Full-store documentation in one call
document_feature_store_incremental() documents every registered process and dataset in a single optimised pass. Objects are processed in dependency order (leaves first, roots last) so upstream context is always available. A shared pair of visited-sets ensures each process view is documented at most once, even when referenced by multiple datasets.
from tdfs4ds.genai import document_feature_store_incremental
summary = document_feature_store_incremental(
language = 'English',
force_update = False,
upload = True,
)
# summary keys: processes_documented, datasets_documented,
# processes_skipped, datasets_skipped
After documentation, process descriptions are automatically mirrored to the business dictionary (object overview + column-level feature descriptions) so the consumer agent can resolve them without any extra step.
Business dictionary (no LLM required)
Three temporal tables store business-oriented descriptions for any database object, its columns, and its documentation sections. They form a 3-level hierarchy designed for chunking-free hierarchical RAG:
| Level | Table | Key | Purpose |
|---|---|---|---|
| 0 | FS_BUSINESS_DICTIONARY_OBJECTS |
(DATABASE_NAME, OBJECT_NAME) |
One summary per object (OBJECT_TYPE: 'T'/'V'/'D') |
| 1 | FS_BUSINESS_DICTIONARY_SECTIONS |
(DATABASE_NAME, OBJECT_NAME, SECTION_NAME) |
One row per documentation section per object |
| 2 | FS_BUSINESS_DICTIONARY_COLUMNS |
(DATABASE_NAME, TABLE_NAME, COLUMN_NAME) |
One description per column |
All tables are VALIDTIME temporal and provisioned automatically by tdfs4ds.connect(create_if_missing=True).
import pandas as pd
from tdfs4ds.genai import (
upload_business_dictionary_objects,
upload_business_dictionary_columns,
upload_business_dictionary_sections,
)
# Level 0 — Object-level descriptions
upload_business_dictionary_objects(pd.DataFrame([
{
'DATABASE_NAME' : 'MY_DB',
'OBJECT_NAME' : 'CUSTOMER',
'OBJECT_TYPE' : 'T',
'BUSINESS_DESCRIPTION': 'Core customer table. Each row represents a unique enrolled customer.',
},
]))
# Level 1 — Section-level descriptions (typically LLM-generated for datasets)
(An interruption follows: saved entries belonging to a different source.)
theorem proposition2p3:
  fixes W1 W2 W :: "nat list"
  assumes "W1 \<in> Ucirc" and "W2 \<in> Ucirc" and "W \<in> Ucirc"
  shows "(W1 = [] \<longrightarrow> mcoef W1 W2 W = of_bool (W = W2))
    \<and> (W2 = [] \<longrightarrow> mcoef W1 W2 W = of_bool (W = W1))
    \<and> (W = [] \<longrightarrow> mcoef W1 W2 W = of_bool (W1 = [] \<and> W2 = []))
    \<and> (\<forall>W1' j1 n1 W2' j2 n2 W' j3 n3.
         W1' \<in> Ucirc \<longrightarrow> W2' \<in> Ucirc \<longrightarrow> W' \<in> Ucirc \<longrightarrow>
         (j1::nat) > 0 \<longrightarrow> (j2::nat) > 0 \<longrightarrow> (j3::nat) > 0 \<longrightarrow>
         W1 = W1' @ [j1] @ replicate n1 0 \<longrightarrow>
         W2 = W2' @ [j2] @ replicate n2 0 \<longrightarrow>
         W = W' @ [j3] @ replicate n3 0 \<longrightarrow>
         mcoef W1 W2 W =
           (\<Sum>(k, j, e) \<in> {(k, j, e). k \<le> j \<and> j \<le> n2 \<and> e \<le> min 1 (n2 - j)}.
              ((n1 + k) choose n1) * (n1 choose (j - k))
              * mcoef W1' (W2' @ [j2] @ replicate (n2 - j - e) 0) W'
              * of_bool (j1 = j3) * of_bool (n1 + k = n3))
         + (\<Sum>(k, j, e) \<in> {(k, j, e). k \<le> j \<and> j \<le> n1 \<and> e \<le> min 1 (n1 - j)}.
              ((n2 + k) choose n2) * (n2 choose (j - k))
              * mcoef (W1' @ [j1] @ replicate (n1 - j - e) 0) W2' W'
              * of_bool (j2 = j3) * of_bool (n2 + k = n3))
         + (\<Sum>k = 0..n2.
              ((n1 + k) choose n1) * (n1 choose (n2 - k))
              * mcoef W1' W2' W'
              * of_bool (j1 + j2 = j3) * of_bool (n1 + k = n3)))"
proof (intro conjI allI impI)
  show "W1 = [] \<Longrightarrow> mcoef W1 W2 W = of_bool (W = W2)"
    by (simp add: mcoef_def)
  show "W2 = [] \<Longrightarrow> mcoef W1 W2 W = of_bool (W = W1)"
    by (simp add: mcoef_def)
  show "W = [] \<Longrightarrow> mcoef W1 W2 W = of_bool (W1 = [] \<and> W2 = [])"
    by (simp add: mcoef_def count_stuffle_Nil)
qed (simp only: mcoef_append_trailing_zeros sum_triple_choose_eq_zero_word_mult
    sum_choose_eq_zero_word_mult)

end
(* For any adversary $\mathsf{A}$ against the IND-CPA security of CTRU.PKE, there exist adversaries $\mathsf{B}$ and $\mathsf{C}$ (with the same running time as $\mathsf{A}$) such that $$\mathbf{Adv}^{\text{IND-CPA}}_{\text{CTRU.PKE}}(\mathsf{A})\le\mathbf{Adv}^{\text{NTRU}}_{\mathcal{R}_q,\Psi_1}(\mathsf{B})+\mathbf{Adv}^{\text{RLWE}}_{\mathcal{R}_q,\Psi_2}(\mathsf{C}).$$
   Context: $n$ is a positive integer of the form $3^l2^e$ divisible by $8$; $\mathcal{R}_q=\mathbb{Z}_q[x]/(x^n-x^{n/2}+1)$; $q,q_2$ positive integers with $q_2<q$, $\gcd(q,2)=1$; $\Psi_1,\Psi_2$ distributions over $\mathbb{Z}[x]/(x^n-x^{n/2}+1)$. $\lfloor x\rceil$ is coefficient-wise rounding to the nearest integer. Message space $\mathcal{M}=\{0,1\}^{n/2}$. $\mathrm{PolyEncode}(m)$: with $\mathbf{H}$ the $4\times8$ binary matrix with rows $(1,1,1,1,0,0,0,0)$, $(0,0,1,1,1,1,0,0)$, $(0,0,0,0,1,1,1,1)$, $(0,1,0,1,0,1,0,1)$, split $m$ into quadruples $\mathbf{k}_i=(m_{4i},\dots,m_{4i+3})$ and set coefficients $8i,\dots,8i+7$ to $\frac{q}{2}(\mathbf{k}_i\mathbf{H}\bmod2)$. CTRU.PKE: KeyGen: $f',g\leftarrow\Psi_1$, $f:=2f'+1$; restart if $f$ is not invertible in $\mathcal{R}_q$; $h:=g/f\in\mathcal{R}_q$; $pk=h$, $sk=f$. Enc$(h,m)$: $r,e\leftarrow\Psi_2$; $\sigma:=hr+e$; $c:=\lfloor\frac{q_2}{q}(\sigma+\lfloor\mathrm{PolyEncode}(m)\rceil)\rceil\bmod q_2$. (Decryption is irrelevant here.) IND-CPA advantage: $\mathbf{Adv}^{\text{IND-CPA}}_{\text{PKE}}(\mathsf{A})=\big|\Pr[b'=b]-\frac12\big|$ in the experiment $(pk,sk)\leftarrow\mathrm{KeyGen}()$; $(m_0,m_1,s)\leftarrow\mathsf{A}(pk)$; $b\xleftarrow{\$}\{0,1\}$; $c^*\leftarrow\mathrm{Enc}(pk,m_b)$; $b'\leftarrow\mathsf{A}(s,c^* )$. NTRU advantage: $\mathbf{Adv}^{\text{NTRU}}_{\mathcal{R}_q,\Psi_1}(\mathsf{B})=|\Pr[\mathsf{B}(h)=1]-\Pr[\mathsf{B}(u)=1]|$ where $h=g/f$ is distributed as the public key above ($g\leftarrow\Psi_1$, $f=2f'+1$ with $f'\leftarrow\Psi_1$, conditioned on $f$ invertible in $\mathcal{R}_q$) and $u$ is uniform in $\mathcal{R}_q$. RLWE advantage: $\mathbf{Adv}^{\text{RLWE}}_{\mathcal{R}_q,\Psi_2}(\mathsf{C})=|\Pr[\mathsf{C}(h,hr+e)=1]-\Pr[\mathsf{C}(h,u)=1]|$ where $h,u$ are uniform in $\mathcal{R}_q$ and $r,e\leftarrow\Psi_2$. *)

theory Defs
  imports "HOL-Probability.Probability" "HOL-Computational_Algebra.Polynomial"
begin
lemma order_cpoly_opt_lin':
  "order z (cpoly (if k then [:a, -1:] else 1)) = (if k \<and> z = of_real a then 1 else 0)"
proof (cases k)
  case True
  have "cpoly [:a, -1:] = - [:- of_real a, 1:]" by (simp add: cpoly_pCons)
  then have "order z (cpoly [:a, -1:]) = order z [:- of_real a, 1:]" by (metis order_uminus)
  then show ?thesis using True by (simp add: order_lin)
qed (auto intro: order_0I)

section \<open>Signs of real polynomials\<close>

lemma nonroot_in:
  fixes p :: "real poly"
  assumes "p \<noteq> 0" "a < b" shows "\<exists>x. a < x \<and> x < b \<and> poly p x \<noteq> 0"
proof -
  have "infinite {a<..<b}" using assms(2) by simp
  then have "\<not> {a<..<b} \<subseteq> {x. poly p x = 0}"
    using poly_roots_finite[OF assms(1)] finite_subset by blast
  then show ?thesis by auto
qed

lemma poly_pos_near:
  fixes p :: "real poly"
  assumes "poly p r > 0" shows "\<exists>d>0. \<forall>x. \<bar>x - r\<bar> < d \<longrightarrow> poly p x > 0"
proof -
  have "(\<lambda>x. poly p x) \<midarrow>r\<rightarrow> poly p r" using poly_isCont[where p=p and x=r] by (simp add: isCont_def)
  from LIM_D[OF this assms] obtain d where d: "d > 0"
    "\<forall>x. x \<noteq> r \<and> norm (x - r) < d \<longrightarrow> norm (poly p x - poly p r) < poly p r" by blast
  have "poly p x > 0" if "\<bar>x - r\<bar> < d" for x
    using d that assms by (cases "x = r") auto
  then show ?thesis using d(1) by blast
qed

lemma poly_neg_near:
  fixes p :: "real poly"
  assumes "poly p r < 0" shows "\<exists>d>0. \<forall>x. \<bar>x - r\<bar> < d \<longrightarrow> poly p x < 0"
  using poly_pos_near[of "-p" r] assms by auto

lemma even_order_if_nonneg_near:
  fixes p :: "real poly"
  assumes p: "p \<noteq> 0" and d: "d > 0" and nonneg: "\<forall>x. \<bar>x - r\<bar> < d \<longrightarrow> poly p x \<ge> 0"
  shows "even (order r p)"
proof (rule ccontr)
  assume odd: "odd (order r p)"
  obtain s where s: "p = [:-r, 1:] ^ order r p * s" "\<not> [:-r, 1:] dvd s"
    using order_decomp[OF p] by blast
  have sign: "poly p x = (x - r) ^ order r p * poly s x" for x
    by (subst s(1)) simp
  have "poly s r \<noteq> 0" using s(2) by (simp add: poly_eq_0_iff_dvd)
  then consider "poly s r > 0" | "poly s r < 0" by linarith
  then show False
  proof cases
    case 1
    then obtain e where e: "e > 0" "\<forall>x. \<bar>x - r\<bar> < e \<longrightarrow> poly s x > 0"
      using poly_pos_near by blast
    define x where "x = r - min d e / 2"
    have "\<bar>x - r\<bar> < e" "\<bar>x - r\<bar> < d" "x - r < 0" using d e by (auto simp: x_def)
    then have "poly p x < 0" using e odd by (simp add: sign mult_neg_pos)
    then show False using nonneg \<open>\<bar>x - r\<bar> < d\<close> by force
  next
    case 2
    then obtain e where e: "e > 0" "\<forall>x. \<bar>x - r\<bar> < e \<longrightarrow> poly s x < 0"
      using poly_neg_near by blast
    define x where "x = r + min d e / 2"
    have "\<bar>x - r\<bar> < e" "\<bar>x - r\<bar> < d" "x - r > 0" using d e by (auto simp: x_def)
    then have "poly p x < 0" using e by (simp add: sign mult_pos_neg)
    then show False using nonneg \<open>\<bar>x - r\<bar> < d\<close> by force
  qed
qed

lemma poly_pos_right_of_roots:
  fixes p :: "real poly"
  assumes lc: "lead_coeff p > 0" and nr: "\<forall>y>x. poly p y \<noteq> 0" and y: "y > x"
  shows "poly p y > 0"
proof (rule ccontr)
  assume "\<not> poly p y > 0"
  then have py: "poly p y < 0" using nr y by force
  obtain n where n: "\<forall>t\<ge>n. poly p t \<ge> lead_coeff p" using poly_pinfty_gt_lc[OF lc] by blast
  define t where "t = max n (y + 1)"
  have "poly p t > 0" "y < t" using n lc by (auto simp: t_def intro: less_le_trans)
  then obtain r where "y < r" "poly p r = 0" using poly_IVT_pos[of y t p] py by blast
  then show False using nr y by auto
qed

section \<open>Real polynomials all of whose complex root multiplicities are even\<close>

text \<open>Such a polynomial of positive degree has a real square factor D^2, deg D > 0:
  either (x - r)^2 for a real root r or the square of the real quadratic of a
  conjugate pair of roots.\<close>
lemma square_factor:
  fixes T :: "real poly"
  assumes T: "T \<noteq> 0" and ev: "\<forall>z. even (order z (cpoly T))" and deg: "degree T > 0"
  shows "\<exists>D. degree D > 0 \<and> D * D dvd T"
proof -
  have "degree (cpoly T) > 0" using deg by (simp add: degree_cpoly)
  then obtain z where z: "poly (cpoly T) z = 0"
    by (metis fundamental_theorem_of_algebra_alt degree_pCons_0 less_irrefl)
  have cT: "cpoly T \<noteq> 0" using T by (simp add: cpoly_eq_0)
  have "order z (cpoly T) \<noteq> 0" using z cT order_root by blast
  moreover have "\<And>n::nat. even n \<Longrightarrow> n \<noteq> 0 \<Longrightarrow> 2 \<le> n" by presburger
  ultimately have oz: "order z (cpoly T) \<ge> 2" using ev by blast
  then have z2: "[:-z, 1:] ^ 2 dvd cpoly T" by (simp add: order_divides)
  show ?thesis
  proof (cases "Im z = 0")
    case True
    then have "z = of_real (Re z)" by (simp add: complex_eq_iff)
    then have "cpoly ([:-Re z, 1:] * [:-Re z, 1:]) dvd cpoly T"
      using z2 by (metis cpoly_linear cpoly_mult power2_eq_square)
    then show ?thesis by (intro exI[of _ "[:-Re z, 1:]"]) (simp add: cpoly_dvd)
  next
    case False
    define Q :: "real poly" where "Q = [:(Re z)\<^sup>2 + (Im z)\<^sup>2, -2 * Re z, 1:]"
    have cQ: "cpoly Q = [:-z, 1:] * [:-cnj z, 1:]"
      by (simp add: Q_def cpoly_pCons complex_eq_iff power2_eq_square algebra_simps)
    obtain U where U: "cpoly T = [:-z, 1:] ^ 2 * U" using z2 by (auto simp: dvd_def)
    have "U \<noteq> 0" using U cT by auto
    moreover have "cnj z \<noteq> z" using False by (simp add: complex_eq_iff)
    then have "order (cnj z) ([:-z, 1:] ^ 2) = 0" by (intro order_0I) simp
    moreover have "order (cnj z) (cpoly T) \<ge> 2" using oz order_cnj[OF T, of z] by simp
    ultimately have "order (cnj z) U \<ge> 2" using U by (simp add: order_mult)
    then have "[:-cnj z, 1:] ^ 2 dvd U" by (simp add: order_divides)
    then have "[:-z, 1:] ^ 2 * [:-cnj z, 1:] ^ 2 dvd cpoly T" using U by simp
    then have "cpoly (Q * Q) dvd cpoly T" by (simp add: cpoly_mult cQ power2_eq_square algebra_simps)
    then show ?thesis by (intro exI[of _ Q]) (simp add: cpoly_dvd Q_def)
  qed
qed

lemma even_order_square:
  fixes T :: "real poly"
  assumes "T \<noteq> 0" "\<forall>z. even (order z (cpoly T))" "poly T x0 > 0"
  shows "\<exists>g. T = g * g"
  using assms
proof (induct "degree T" arbitrary: T rule: less_induct)
  case less
  show ?case
  proof (cases "degree T = 0")
    case True
    then obtain c where c: "T = [:c:]" by (metis degree_eq_zeroE)
    then have "c > 0" using less.prems by simp
    then show ?thesis using c by (intro exI[of _ "[:sqrt c:]"]) simp
  next
    case False
    then obtain D T1 where D: "degree D > 0" and T1: "T = D * D * T1"
      using square_factor[of T] less.prems by (auto simp: dvd_def)
    have nz: "T1 \<noteq> 0" "D \<noteq> 0" using T1 less.prems by auto
    have "degree T1 < degree T" using T1 nz D by (simp add: degree_mult_eq)
    moreover have "\<forall>w. even (order w (cpoly T1))"
    proof
      fix w
      have "order w (cpoly T) = 2 * order w (cpoly D) + order w (cpoly T1)"
        using nz by (simp add: T1 cpoly_mult order_mult cpoly_eq_0)
      then show "even (order w (cpoly T1))" using less.prems(2) by (metis even_add even_mult_iff even_numeral)
    qed
    moreover have "poly T1 x0 > 0"
      using less.prems(3) by (simp add: T1 zero_less_mult_iff)
    ultimately obtain g1 where "T1 = g1 * g1" using less.hyps nz by blast
    then show ?thesis using T1 by (intro exI[of _ "D * g1"]) (simp add: algebra_simps)
  qed
qed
upload_business_dictionary_sections(pd.DataFrame([
{
'DATABASE_NAME' : 'MY_DB',
'OBJECT_NAME' : 'DATASET_CUSTOMER',
'SECTION_NAME' : 'OVERVIEW',
'SECTION_CONTENT': 'Customer-level analytical dataset combining spending and category features...',
},
]))
# Level 2 — Column-level descriptions
upload_business_dictionary_columns(pd.DataFrame([
{
'DATABASE_NAME' : 'MY_DB',
'TABLE_NAME' : 'CUSTOMER',
'COLUMN_NAME' : 'CUSTOMER_ID',
'BUSINESS_DESCRIPTION': 'Unique customer identifier assigned at enrolment.',
},
]))
All three functions validate required columns and perform a CURRENT VALIDTIME MERGE — re-running them updates existing descriptions and preserves the full change history.
Consumer Agent (Chatbot)
The agent module provides a conversational interface for business consumers. Non-technical users can ask natural-language questions about features, datasets, definitions, data freshness, usage guidance, data lineage, and calculation logic — in English or French.
Architecture
User question
→ Intent classifier (Pydantic structured output)
→ DATA_DOMAIN detector (finds which domain owns the feature; remembered across turns)
→ Skill dispatcher (7 skills)
→ Plain-language answer
The agent uses LangGraph StateGraph with MemorySaver for multi-turn conversations. Conversation context is persisted across turns:
| State field | What is remembered |
|---|---|
resolved_data_domain |
Which DATA_DOMAIN owns the last named feature/dataset |
resolved_object_name |
Last explicitly named feature or dataset |
resolved_feature_triplet |
Full resolution: feature name, entity, process ID, view name |
resolved_entity_name |
Entity type in focus (e.g. CustomerID) |
resolved_feature_list |
Feature names currently in focus (one or many) |
resolved_column_sources |
Column→source-table map from the last EXPLAIN result (used by DEFINITION drill-down) |
Follow-up questions that omit an explicit feature name (e.g. "when was it last updated?", "how is it calculated?") automatically reuse the previously resolved feature, entity, and domain — no need to repeat yourself. When a feature name is shared across multiple entity types, the remembered entity silently disambiguates without asking for clarification.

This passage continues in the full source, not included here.